R2Inference changes the options of the framework via the "IParameters" class. First you need to create an object:
r2i::RuntimeError error;
std::shared_ptr<r2i::IParameters> parameters = factory->MakeParameters (error);
Then call the "Set" or "Get" virtual functions:
parameters->Set(<option>, <value>)
parameters->Get(<option>, <value>)
Device Options
All the device options from the API are read only.
Option | Value | Description |
---|---|---|
NC_RO_DEVICE_THERMAL_STATS | float array | An array of lenght NC_RO_DEVICE_THERMAL_STATS with the temperature history of the device on Celsius. |
NC_RO_THERMAL_THROTTLING_LEVEL | 0,1,2 |
|
NC_RO_DEVICE_STATE | ncDeviceState_t enum value |
|
NC_RO_DEVICE_CURRENT_MEMORY_USED | positive int | Memory used on the device. |
NC_RO_DEVICE_MEMORY_SIZE | positive int | Total memory available on the device. |
NC_RO_DEVICE_MAX_FIFO_NUM | positive int | Max number of fifos. |
NC_RO_DEVICE_ALLOCATED_FIFO_NUM | positive int | Number of fifos currently allocated. |
NC_RO_DEVICE_MAX_GRAPH_NUM | positive int | Max number of graphs. |
NC_RO_ALLOCATED_GRAPH_NUM | positive int | Number of graphs currently allocated. |
NC_RO_DEVICE_OPTION_CLASS_LIMIT | positive int | Highest option class supported. |
NC_RO_DEVICE_FW_VERSION | [major, minor, hardware type, build number] | Device firmware version. |
NC_RO_DEVICE_HW_VERSION | ncDeviceHwVersion_t enum value |
|
NC_RO_DEVICE_MVTENSOR_VERSION | [major, minor] | mvtensor library version. |
NC_RO_DEVICE_NAME | string | Device name. |
Fifo Options
Fifo options are read only if they begin with the prefix NC_RO_FIFO and read/write if they begin with NC_RW_FIFO. Most of the R/W options on the FIFO can only be modified between creation and allocation, and R2Inference does both in a single method (Engine->Start()), so it is impossible to write on these options.
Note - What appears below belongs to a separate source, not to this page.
(* Let $G$ be split reductive with root system of type $C_r$, $r\geqslant2$, with simple roots $\alpha_1,\dots,\alpha_r$ in Bourbaki labelling ($\alpha_r$ long), and let $\widetilde G$ be an $n$-fold Brylinski--Deligne cover associated with a Weyl-invariant quadratic form $Q$. Partition $\Phi_+=\Phi_{+,I}\sqcup\Phi_{+,II}\sqcup\Phi_{+,III}$ with $\Phi_{+,I}=\{\sum_{i\leqslant k<j}\alpha_k:1\leqslant i<j\leqslant r\}$, $\Phi_{+,II}=\{\sum_{i\leqslant k<j}\alpha_k+2\sum_{j\leqslant k<r}\alpha_k+\alpha_r:1\leqslant i<j\leqslant r\}$, $\Phi_{+,III}=\{2\sum_{i\leqslant k<r}\alpha_k+\alpha_r:1\leqslant i\leqslant r\}$, and $\Phi^\vee_+=\Phi^\vee_{+,I}\sqcup\Phi^\vee_{+,II}\sqcup\Phi^\vee_{+,III}$ with $\Phi^\vee_{+,I}=\{\sum_{i\leqslant k\leqslant r}\alpha^\vee_k:1\leqslant i\leqslant r\}$, $\Phi^\vee_{+,II}=\{\sum_{i\leqslant k<j}\alpha_k^\vee:1\leqslant i<j\leqslant r\}$, $\Phi^\vee_{+,III}=\{\sum_{i\leqslant k<j}\alpha^\vee_k+2\sum_{j\leqslant k\leqslant r}\alpha^\vee_k:1\leqslant i<j\leqslant r\}$. If $2\tilde n_{\alpha_i}=\tilde n_{\alpha_r}$ for all $1\leqslant i<r$, then necessarily $\tilde n_{\alpha_i}=n_{\alpha_i}$ for all $1\leqslant i\leqslant r$ and $$f_X(\Phi^\vee_{+,I})=f_Y(\Phi_{+,III}),\quad f_X(\Phi^\vee_{+,II})=f_Y(\Phi_{+,I}),\quad f_X(\Phi^\vee_{+,III})=f_Y(\Phi_{+,II});$$ in this case $f_X(\Phi^\vee_+)=\frac{[1,2r-1]}{2n_{\alpha_1}}\cup\frac{[2,2r-2]}{n_{\alpha_1}}=f_Y(\Phi_+)$. If $\tilde n_\alpha$ is constant on $\alpha\in\Delta$, then $f_X(\Phi^\vee_+)=\frac{1}{\tilde n_\alpha}[1,2r-1]=f_Y(\Phi_+)$.
   Context: $[a,b]$ denotes $\{a,a+1,\dots,b\}$ and $\frac{S}{m}=\{s/m:s\in S\}$. Notation: $\omega_\alpha$ fundamental weights, $\omega^\vee_\alpha$ fundamental coweights, $\rho^\vee=\sum_{\alpha\in\Delta}\omega_\alpha^\vee$. $B_Q(y,z)=Q(y+z)-Q(y)-Q(z)$, $Y_{Q,n}=\{y\in Y:B_Q(y,z)\in n\mathbf Z\ \forall z\in Y\}$, $n_\alpha=n/\gcd(n,Q(\alpha^\vee))$, and $\tilde n_\alpha\in\{n_\alpha,n_\alpha/2\}$ ($\alpha\in\Phi$) defined by $\mathbf Z\alpha^\vee\cap Y_{Q,n}=\mathbf Z\tilde n_\alpha\alpha^\vee$. $f_X:\Phi_+^\vee\to\mathbf Q$, $f_X(\beta^\vee)=\sum_{\alpha\in\Delta}\langle\omega_\alpha/\tilde n_\alpha,\beta^\vee\rangle$; $f_Y:\Phi_+\to\mathbf Q$, $f_Y(\beta)=\langle\rho^\vee,\beta\rangle/\tilde n_\beta$. *)

theory Defs
  imports "HOL-Analysis.Analysis"
begin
Option | Value | Description |
---|---|---|
NC_RW_FIFO_TYPE | ncFifoType_t enum value |
|
NC_RW_FIFO_DATA_TYPE | ncFifoDataType_t enum value |
|
NC_RO_FIFO_CAPACITY | positive int | FIFO queue size. |
NC_RO_FIFO_READ_FILL_LEVEL | positive int | Elements on an output FIFO queue. |
NC_RO_FIFO_WRITE_FILL_LEVEL | positive int | Elements on an input FIFO queue. |
NC_RO_FIFO_GRAPH_TENSOR_DESCRIPTOR | ncTensorDescriptor_t struct | Shape of the tensor on the FIFO. |
NC_RO_FIFO_STATE | ncFifoState_t enum value |
|
NC_RO_FIFO_NAME | string | FIFO name. |
NC_RO_FIFO_ELEMENT_DATA_SIZE | positive int | Size in bits of the FIFO elements. |
NC_RW_FIFO_HOST_TENSOR_DESCRIPTOR | ncTensorDescriptor_t struct | Shape of the tensor on application. |
Global Options
Pay special attention to the log level enumeration, because it is ordered counter intuitively. 1 is actually the highest log level, 4 is the lowest and 0 the default.
Option | Value | Description |
---|---|---|
NC_RW_LOG_LEVEL | ncLogLevel_t enum value |
|
NC_RO_API_VERSION | [major, minor, hotfix, release] | API version |
Graph Options
Option | Value | Description |
---|---|---|
NC_RO_GRAPH_STATE | ncGraphState_t enum value |
|
NC_RO_GRAPH_TIME_TAKEN | positive floats | Time per layer for the last inference in milliseconds. |
NC_RO_GRAPH_INPUT_TENSOR_DESCRIPTORS | ncTensorDescriptor_t struct | Array of graph inputs. |
NC_RO_GRAPH_OUTPUT_TENSOR_DESCRIPTORS | ncTensorDescriptor_t struct | Array of graph outputs. |
NC_RO_GRAPH_DEBUG_INFO | string | Debug information. |
NC_RO_GRAPH_NAME | string | Graph name. |
NC_RO_GRAPH_OPTION_CLASS_LIMIT | positive int | The highest option class supported. |
NC_RO_GRAPH_VERSION | [major, minor] | The version of the compiled graph. |
NC_RO_GRAPH_TIME_TAKEN_ARRAY_SIZE | positive int | Length of the time array (number of layers). |